YOUR ASSIGNMENT: Go through the material below and copy all lines with "block".

GIVEN ENTRIES:

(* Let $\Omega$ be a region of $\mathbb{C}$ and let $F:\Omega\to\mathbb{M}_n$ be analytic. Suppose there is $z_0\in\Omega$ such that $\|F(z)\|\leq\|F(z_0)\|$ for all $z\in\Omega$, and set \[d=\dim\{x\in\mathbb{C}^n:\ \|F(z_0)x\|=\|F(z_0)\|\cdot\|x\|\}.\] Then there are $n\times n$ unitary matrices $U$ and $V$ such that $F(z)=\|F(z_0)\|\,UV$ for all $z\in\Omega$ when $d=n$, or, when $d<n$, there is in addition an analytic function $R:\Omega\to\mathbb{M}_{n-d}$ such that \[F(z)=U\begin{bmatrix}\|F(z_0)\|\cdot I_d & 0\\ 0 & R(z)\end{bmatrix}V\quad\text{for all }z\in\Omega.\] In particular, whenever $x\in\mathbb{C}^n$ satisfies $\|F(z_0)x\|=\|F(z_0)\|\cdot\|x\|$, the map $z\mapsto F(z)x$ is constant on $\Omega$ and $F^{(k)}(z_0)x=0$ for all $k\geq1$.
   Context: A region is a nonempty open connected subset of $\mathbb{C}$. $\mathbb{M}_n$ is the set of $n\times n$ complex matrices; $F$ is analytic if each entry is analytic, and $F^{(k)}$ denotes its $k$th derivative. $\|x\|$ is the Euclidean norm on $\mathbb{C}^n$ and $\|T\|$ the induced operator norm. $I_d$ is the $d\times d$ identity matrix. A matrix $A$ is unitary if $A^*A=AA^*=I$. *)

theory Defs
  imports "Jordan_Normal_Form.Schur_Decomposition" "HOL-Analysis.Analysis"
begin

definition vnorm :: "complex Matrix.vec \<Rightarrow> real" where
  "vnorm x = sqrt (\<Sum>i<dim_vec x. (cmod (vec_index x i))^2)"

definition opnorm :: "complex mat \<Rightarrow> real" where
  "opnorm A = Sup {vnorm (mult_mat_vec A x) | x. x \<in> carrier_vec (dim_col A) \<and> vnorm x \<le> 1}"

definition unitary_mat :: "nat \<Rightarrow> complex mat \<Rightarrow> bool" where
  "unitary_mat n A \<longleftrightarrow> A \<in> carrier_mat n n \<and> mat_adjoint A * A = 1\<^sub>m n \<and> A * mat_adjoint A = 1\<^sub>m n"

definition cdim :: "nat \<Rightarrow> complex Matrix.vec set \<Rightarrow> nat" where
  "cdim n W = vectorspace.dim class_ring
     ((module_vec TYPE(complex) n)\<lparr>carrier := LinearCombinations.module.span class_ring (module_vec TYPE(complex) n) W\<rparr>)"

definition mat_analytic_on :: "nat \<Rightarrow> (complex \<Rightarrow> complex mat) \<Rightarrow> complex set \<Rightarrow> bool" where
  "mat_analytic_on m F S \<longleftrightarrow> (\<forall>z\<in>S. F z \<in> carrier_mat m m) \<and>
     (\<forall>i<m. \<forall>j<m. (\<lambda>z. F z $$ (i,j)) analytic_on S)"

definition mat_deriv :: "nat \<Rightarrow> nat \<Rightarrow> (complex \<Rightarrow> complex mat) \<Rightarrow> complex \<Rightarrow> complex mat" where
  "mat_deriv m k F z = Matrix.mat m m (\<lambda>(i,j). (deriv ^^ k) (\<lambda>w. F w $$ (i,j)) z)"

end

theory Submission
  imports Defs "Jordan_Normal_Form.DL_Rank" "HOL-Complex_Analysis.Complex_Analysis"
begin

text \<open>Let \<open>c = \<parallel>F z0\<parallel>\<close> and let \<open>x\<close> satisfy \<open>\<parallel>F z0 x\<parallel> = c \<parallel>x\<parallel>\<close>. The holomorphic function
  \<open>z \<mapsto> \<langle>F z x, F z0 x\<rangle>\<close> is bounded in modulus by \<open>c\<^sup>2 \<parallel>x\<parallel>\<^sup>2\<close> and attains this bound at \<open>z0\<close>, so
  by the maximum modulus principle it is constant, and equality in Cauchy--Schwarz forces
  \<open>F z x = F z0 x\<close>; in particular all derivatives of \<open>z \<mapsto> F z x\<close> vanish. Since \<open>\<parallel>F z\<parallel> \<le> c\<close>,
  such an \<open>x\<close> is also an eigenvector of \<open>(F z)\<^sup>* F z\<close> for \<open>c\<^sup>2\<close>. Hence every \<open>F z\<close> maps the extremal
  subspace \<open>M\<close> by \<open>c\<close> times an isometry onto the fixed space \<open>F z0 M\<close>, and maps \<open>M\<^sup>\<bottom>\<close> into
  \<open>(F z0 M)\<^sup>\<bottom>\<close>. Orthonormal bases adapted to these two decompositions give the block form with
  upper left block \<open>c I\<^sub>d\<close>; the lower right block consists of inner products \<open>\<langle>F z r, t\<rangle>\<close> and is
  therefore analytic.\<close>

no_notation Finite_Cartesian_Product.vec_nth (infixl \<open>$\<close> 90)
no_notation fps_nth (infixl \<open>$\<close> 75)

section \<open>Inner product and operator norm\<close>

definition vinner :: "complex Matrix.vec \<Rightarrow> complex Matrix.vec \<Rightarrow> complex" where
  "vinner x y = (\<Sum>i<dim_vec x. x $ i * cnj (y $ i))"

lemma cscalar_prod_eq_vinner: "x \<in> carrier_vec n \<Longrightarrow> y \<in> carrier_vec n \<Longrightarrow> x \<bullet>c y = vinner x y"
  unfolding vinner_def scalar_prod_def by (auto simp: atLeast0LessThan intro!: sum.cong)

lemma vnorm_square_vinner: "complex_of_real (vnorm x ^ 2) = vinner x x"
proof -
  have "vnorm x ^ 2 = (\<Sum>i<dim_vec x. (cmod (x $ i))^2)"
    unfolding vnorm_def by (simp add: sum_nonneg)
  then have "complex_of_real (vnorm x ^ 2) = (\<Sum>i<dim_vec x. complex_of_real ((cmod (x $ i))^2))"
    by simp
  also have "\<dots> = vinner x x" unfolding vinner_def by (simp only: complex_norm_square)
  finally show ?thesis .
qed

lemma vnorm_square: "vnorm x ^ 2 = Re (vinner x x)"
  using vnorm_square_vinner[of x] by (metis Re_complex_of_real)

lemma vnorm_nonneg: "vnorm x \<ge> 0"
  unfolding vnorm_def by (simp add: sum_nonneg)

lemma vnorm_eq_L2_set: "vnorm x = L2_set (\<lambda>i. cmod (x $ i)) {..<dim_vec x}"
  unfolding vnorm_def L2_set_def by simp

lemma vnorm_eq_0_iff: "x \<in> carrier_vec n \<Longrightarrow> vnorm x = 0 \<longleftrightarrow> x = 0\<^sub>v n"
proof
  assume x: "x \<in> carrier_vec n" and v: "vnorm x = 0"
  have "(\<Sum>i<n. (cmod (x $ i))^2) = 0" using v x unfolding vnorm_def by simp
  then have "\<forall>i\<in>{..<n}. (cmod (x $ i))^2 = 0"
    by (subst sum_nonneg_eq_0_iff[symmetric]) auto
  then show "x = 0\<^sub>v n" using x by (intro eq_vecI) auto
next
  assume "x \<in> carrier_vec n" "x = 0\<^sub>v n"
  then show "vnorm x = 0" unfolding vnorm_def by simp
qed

RESPONSE BOX:
  \<open>(F z0 M)\<^sup>\<bottom>\<close>. Orthonormal bases adapted to these two decompositions give the block form with
  upper left block \<open>c I\<^sub>d\<close>; the lower right block consists of inner products \<open>\<langle>F z r, t\<rangle>\<close> and is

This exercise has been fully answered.